==== DATA SHOWN ====

lemma FFdeg_restrict_family:
  "FFdeg B P \<le> FFdeg (B \<inter> A) (restrict_family A B P)"
proof (rule FFdeg_le)
  fix \<delta> :: real assume \<delta>: "0 \<le> \<delta>" and fin: "finite {E. E \<subseteq> B \<and> \<delta> < P E}"
  have "{C. C \<subseteq> B \<inter> A \<and> \<delta> < restrict_family A B P C} \<subseteq> (\<lambda>E. E \<inter> A) ` {E. E \<subseteq> B \<and> \<delta> < P E}"
  proof
    fix C assume "C \<in> {C. C \<subseteq> B \<inter> A \<and> \<delta> < restrict_family A B P C}"
    then have "\<delta> < restrict_family A B P C" by simp
    from restrict_family_gtD[OF this \<delta>]
    obtain E where E: "E \<subseteq> B" "E \<inter> A = C" "\<delta> < P E" by blast
    show "C \<in> (\<lambda>E. E \<inter> A) ` {E. E \<subseteq> B \<and> \<delta> < P E}"
      by (rule image_eqI[where x = E]) (use E in auto)
  qed
  then show "finite {C. C \<subseteq> B \<inter> A \<and> \<delta> < restrict_family A B P C}"
    by (rule finite_subset) (rule finite_imageI[OF fin])
qed

lemma finite_subcover_deg_extend_family:
  assumes R: "fam01 (B \<inter> A) R"
  shows "finite_subcover_deg B (extend_family A B \<rho> R) \<le> finite_subcover_deg (B \<inter> A) R"
  unfolding finite_subcover_deg_def[of B]
proof (rule Sup01_least)
  fix s assume "s \<in> {max 0 (Kdeg P B + FFdeg B P - 1) | P.
    fam01 B P \<and> (\<forall>E. E \<subseteq> B \<longrightarrow> P E \<le> extend_family A B \<rho> R E)}"
  then obtain P where s: "s = max 0 (Kdeg P B + FFdeg B P - 1)" and P: "fam01 B P"
    and PR': "\<forall>E. E \<subseteq> B \<longrightarrow> P E \<le> extend_family A B \<rho> R E" by blast
  let ?P = "restrict_family A B P"
  have PR: "?P C \<le> R C" if "C \<subseteq> B \<inter> A" for C
    unfolding restrict_family_def
  proof (rule Sup01_least)
    fix r assume "r \<in> {P E | E. E \<subseteq> B \<and> E \<inter> A = C \<and> E \<noteq> B - A}"
    then obtain E where E: "r = P E" "E \<subseteq> B" "E \<inter> A = C" "E \<noteq> B - A" by blast
    have "P E \<le> extend_family A B \<rho> R E" using PR' E(2) by blast
    also have "\<dots> \<le> R C" using E(3,4) by (simp add: extend_family_def)
    finally show "r \<le> R C" using E(1) by simp
  qed (use R that in \<open>simp add: fam01_def\<close>)
  have bound: "max 0 (Kdeg Q (B \<inter> A) + FFdeg (B \<inter> A) Q - 1) \<le> 1" if "fam01 (B \<inter> A) Q" for Q
    using Kdeg_bounds[OF that] FFdeg_bounds[of "B \<inter> A" Q] by simp
  have "max 0 (Kdeg ?P (B \<inter> A) + FFdeg (B \<inter> A) ?P - 1) \<le> finite_subcover_deg (B \<inter> A) R"
    unfolding finite_subcover_deg_def
    by (rule Sup01_upper_image) (use fam01_restrict_family[OF P] PR bound in blast)+
  then show "s \<le> finite_subcover_deg (B \<inter> A) R"
    using s Kdeg_restrict_family[OF P, of A] FFdeg_restrict_family[of B P A] by linarith
qed (use finite_subcover_deg_bounds[of "B \<inter> A" R] in simp)

lemma Gamma_Int:
  assumes \<rho>B: "fam01 B \<rho>B" and \<rho>G: "fam01 (B \<inter> A) \<rho>G"
    and trace: "\<And>C. C \<subseteq> B \<inter> A \<Longrightarrow> \<rho>G C \<le> Sup01 {\<rho>B E | E. E \<subseteq> B \<and> E \<inter> A = C}"
  shows "Gamma B \<rho>B + \<rho>B (B - A) - 1 \<le> Gamma (B \<inter> A) \<rho>G"
proof -
  have \<rho>BD: "\<rho>B (B - A) \<le> 1" using \<rho>B by (simp add: fam01_def)
  have GB: "Gamma B \<rho>B \<le> 1" using Gamma_bounds[OF \<rho>B] by simp
  show ?thesis
    unfolding Gamma_eq[of "B \<inter> A"]
  proof (rule Inf01_greatest)
    fix s assume "s \<in> {min 1 (1 - max 0 (Kdeg R (B \<inter> A) + subdeg (B \<inter> A) R \<rho>G - 1)
      + finite_subcover_deg (B \<inter> A) R) | R. fam01 (B \<inter> A) R}"
    then obtain R where R: "fam01 (B \<inter> A) R" and s: "s = min 1 (1 - max 0 (Kdeg R (B \<inter> A)
      + subdeg (B \<inter> A) R \<rho>G - 1) + finite_subcover_deg (B \<inter> A) R)" by blast
    let ?R' = "extend_family A B \<rho>B R"
    have "Gamma B \<rho>B \<le> min 1 (1 - max 0 (Kdeg ?R' B + subdeg B ?R' \<rho>B - 1)
        + finite_subcover_deg B ?R')"
      by (rule Gamma_le[OF fam01_extend_family[OF R \<rho>B] \<rho>B])
    moreover have "1 \<le> subdeg B ?R' \<rho>B"
      by (rule one_le_subdeg) (simp add: extend_family_def)
    moreover note Kdeg_subdeg_le_Kdeg_min[OF R \<rho>G] Kdeg_extend_family[OF R \<rho>B \<rho>G trace]
      finite_subcover_deg_extend_family[OF R, of \<rho>B]
    moreover have "0 \<le> finite_subcover_deg (B \<inter> A) R" using finite_subcover_deg_bounds by blast
    ultimately show "Gamma B \<rho>B + \<rho>B (B - A) - 1 \<le> s"
      unfolding s using GB \<rho>BD by linarith
  qed (use GB \<rho>BD in linarith)
qed

section \<open>Pre-open sets of a subspace\<close>

lemma FP_le_tauP_rel_Diff:
  "fuzzifying_topology X \<tau> \<Longrightarrow> B \<subseteq> X \<Longrightarrow> FP X \<tau> A \<le> tauP_rel X \<tau> B (B - A)"
  unfolding FP_def tauP_rel_def
  by (rule Sup01_upper_image[where P = "\<lambda>V. V \<subseteq> X \<and> V \<inter> B = B - A"]) (auto dest: tauP_bounds)

lemma tauP_rel_Int_le:
  assumes ft: "fuzzifying_topology X \<tau>"
  shows "tauP_rel X \<tau> (B \<inter> A) C \<le> Sup01 {tauP_rel X \<tau> B E | E. E \<subseteq> B \<and> E \<inter> A = C}"
  unfolding tauP_rel_def[of X \<tau> "B \<inter> A"]
proof (rule Sup01_least)
  fix s assume "s \<in> {tauP X \<tau> V | V. V \<subseteq> X \<and> V \<inter> (B \<inter> A) = C}"
  then obtain V where s: "s = tauP X \<tau> V" and V: "V \<subseteq> X" "V \<inter> (B \<inter> A) = C" by blast
  have "tauP X \<tau> V \<le> tauP_rel X \<tau> B (V \<inter> B)"
    unfolding tauP_rel_def
    by (rule Sup01_upper_image[where P = "\<lambda>W. W \<subseteq> X \<and> W \<inter> B = V \<inter> B"])
      (use V tauP_bounds[OF ft] in auto)
  also have "\<dots> \<le> Sup01 {tauP_rel X \<tau> B E | E. E \<subseteq> B \<and> E \<inter> A = C}"
    by (rule Sup01_upper_image) (use V tauP_rel_bounds[OF ft] in auto)
  finally show "s \<le> Sup01 {tauP_rel X \<tau> B E | E. E \<subseteq> B \<and> E \<inter> A = C}" using s by simp
next
  show "0 \<le> Sup01 {tauP_rel X \<tau> B E | E. E \<subseteq> B \<and> E \<inter> A = C}"
    by (rule Sup01_image_bounds[THEN conjunct1]) (use tauP_rel_bounds[OF ft] in blast)
qed

lemma GammaP_Int:
  assumes ft: "fuzzifying_topology X \<tau>" and B: "B \<subseteq> X"
  shows "GammaP X \<tau> B + FP X \<tau> A - 1 \<le> GammaP X \<tau> (B \<inter> A)"
proof -
  have "Gamma B (tauP_rel X \<tau> B) + tauP_rel X \<tau> B (B - A) - 1
      \<le> Gamma (B \<inter> A) (tauP_rel X \<tau> (B \<inter> A))"
    by (rule Gamma_Int) (use fam01_tauP_rel[OF ft] tauP_rel_Int_le[OF ft] in auto)
  then show ?thesis
    using FP_le_tauP_rel_Diff[OF ft B, of A] unfolding GammaP_def by linarith
qed

lemma NP_le_NPsub:
  assumes ft: "fuzzifying_topology X \<tau>" and x: "x \<in> A"
  shows "NP X \<tau> x B \<le> NPsub X \<tau> A x (B \<inter> A)"
  unfolding NP_def
proof (rule Sup01_least)
  fix s assume "s \<in> {tauP X \<tau> V | V. x \<in> V \<and> V \<subseteq> B \<and> V \<subseteq> X}"
  then obtain V where s: "s = tauP X \<tau> V" and V: "x \<in> V" "V \<subseteq> B" "V \<subseteq> X" by blast
  have "tauP X \<tau> V \<le> tauP_rel X \<tau> A (V \<inter> A)"
    unfolding tauP_rel_def
    by (rule Sup01_upper_image[where P = "\<lambda>W. W \<subseteq> X \<and> W \<inter> A = V \<inter> A"])
      (use V tauP_bounds[OF ft] in auto)
  also have "\<dots> \<le> NPsub X \<tau> A x (B \<inter> A)"
    unfolding NPsub_def by (rule Sup01_upper_image) (use V x tauP_rel_bounds[OF ft] in auto)
  finally show "s \<le> NPsub X \<tau> A x (B \<inter> A)" using s by simp
qed (use NPsub_bounds[OF ft] in simp)

lemma LPC_pointwise_Int:
  assumes ft: "fuzzifying_topology X \<tau>" and x: "x \<in> A"
  shows "max 0 (Sup01 {max 0 (NP X \<tau> x B + GammaP X \<tau> B - 1) | B. B \<subseteq> X} + FP X \<tau> A - 1)
    \<le> Sup01 {max 0 (NPsub X \<tau> A x G + GammaP X \<tau> G - 1) | G. G \<subseteq> A}"
    (is "max 0 (Sup01 ?L + ?F - 1) \<le> ?M")
proof -
  have F: "0 \<le> ?F \<and> ?F \<le> 1" unfolding FP_def by (rule tauP_bounds[OF ft])
  have bound: "0 \<le> max 0 (NPsub X \<tau> A x G + GammaP X \<tau> G - 1)
      \<and> max 0 (NPsub X \<tau> A x G + GammaP X \<tau> G - 1) \<le> 1" for G
    using NPsub_bounds[OF ft, of A x G] GammaP_bounds[OF ft, of G] by auto
  have M0: "0 \<le> ?M" by (rule Sup01_image_bounds[THEN conjunct1]) (use bound in blast)
  have "Sup01 ?L \<le> ?M + 1 - ?F"
  proof (rule Sup01_least)
    fix s assume "s \<in> ?L"
    then obtain B where s: "s = max 0 (NP X \<tau> x B + GammaP X \<tau> B - 1)" and B: "B \<subseteq> X" by blast
    have "max 0 (NPsub X \<tau> A x (B \<inter> A) + GammaP X \<tau> (B \<inter> A) - 1) \<le> ?M"
      by (rule Sup01_upper_image) (use bound in auto)
    then show "s \<le> ?M + 1 - ?F"
      using s NP_le_NPsub[OF ft x, of B] GammaP_Int[OF ft B, of A] M0 F by linarith
  qed (use M0 F in linarith)
  then show ?thesis using M0 by simp
qed

lemma LPC_bounds_at:
  assumes "fuzzifying_topology X \<tau>"
  shows "0 \<le> Sup01 {max 0 (NP X \<tau> x B + GammaP X \<tau> B - 1) | B. B \<subseteq> X}
    \<and> Sup01 {max 0 (NP X \<tau> x B + GammaP X \<tau> B - 1) | B. B \<subseteq> X} \<le> 1"
proof (rule Sup01_image_bounds)
  fix B
  show "0 \<le> max 0 (NP X \<tau> x B + GammaP X \<tau> B - 1) \<and> max 0 (NP X \<tau> x B + GammaP X \<tau> B - 1) \<le> 1"
    using NP_bounds[OF assms, of x B] GammaP_bounds[OF assms, of B] by auto
qed

lemma LPC_le:
  assumes "fuzzifying_topology X \<tau>" and "x \<in> X"
  shows "LPC X \<tau> \<le> Sup01 {max 0 (NP X \<tau> x B + GammaP X \<tau> B - 1) | B. B \<subseteq> X}"
  unfolding LPC_def by (rule Inf01_lower) (use assms LPC_bounds_at[OF assms(1)] in blast)+

lemma LPC_bounds: "fuzzifying_topology X \<tau> \<Longrightarrow> 0 \<le> LPC X \<tau> \<and> LPC X \<tau> \<le> 1"
  unfolding LPC_def by (rule Inf01_bounds) (use LPC_bounds_at in fast)

theorem theorem4p1:
  fixes X A :: "'a set" and \<tau> :: "'a set \<Rightarrow> real"
  assumes "fuzzifying_topology X \<tau>" and "A \<subseteq> X"
  shows "max 0 (LPC X \<tau> + FP X \<tau> A - 1) \<le> LPC_sub X \<tau> A"
  unfolding LPC_sub_def
proof (rule Inf01_greatest)
  fix t assume "t \<in> (\<lambda>x. Sup01 {max 0 (NPsub X \<tau> A x G + GammaP X \<tau> G - 1) | G. G \<subseteq> A}) ` A"
  then obtain x where x: "x \<in> A"
    and t: "t = Sup01 {max 0 (NPsub X \<tau> A x G + GammaP X \<tau> G - 1) | G. G \<subseteq> A}" by blast
  have "LPC X \<tau> \<le> Sup01 {max 0 (NP X \<tau> x B + GammaP X \<tau> B - 1) | B. B \<subseteq> X}"
    using LPC_le[OF assms(1)] x assms(2) by blast
  then have "max 0 (LPC X \<tau> + FP X \<tau> A - 1)
      \<le> max 0 (Sup01 {max 0 (NP X \<tau> x B + GammaP X \<tau> B - 1) | B. B \<subseteq> X} + FP X \<tau> A - 1)"
    by simp
  also have "\<dots> \<le> t" unfolding t by (rule LPC_pointwise_Int[OF assms(1) x])
  finally show "max 0 (LPC X \<tau> + FP X \<tau> A - 1) \<le> t" .
next
  show "max 0 (LPC X \<tau> + FP X \<tau> A - 1) \<le> 1"
    using LPC_bounds[OF assms(1)] tauP_bounds[OF assms(1), of "X - A"] unfolding FP_def by simp
qed

end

====

Each line above from the one with "unfolding LPC_sub_def" up to and including the one with "then obtain x" must be set down exactly, and no line outside that span may appear.

  unfolding LPC_sub_def
proof (rule Inf01_greatest)
  fix t assume "t \<in> (\<lambda>x. Sup01 {max 0 (NPsub X \<tau> A x G + GammaP X \<tau> G - 1) | G. G \<subseteq> A}) ` A"
  then obtain x where x: "x \<in> A"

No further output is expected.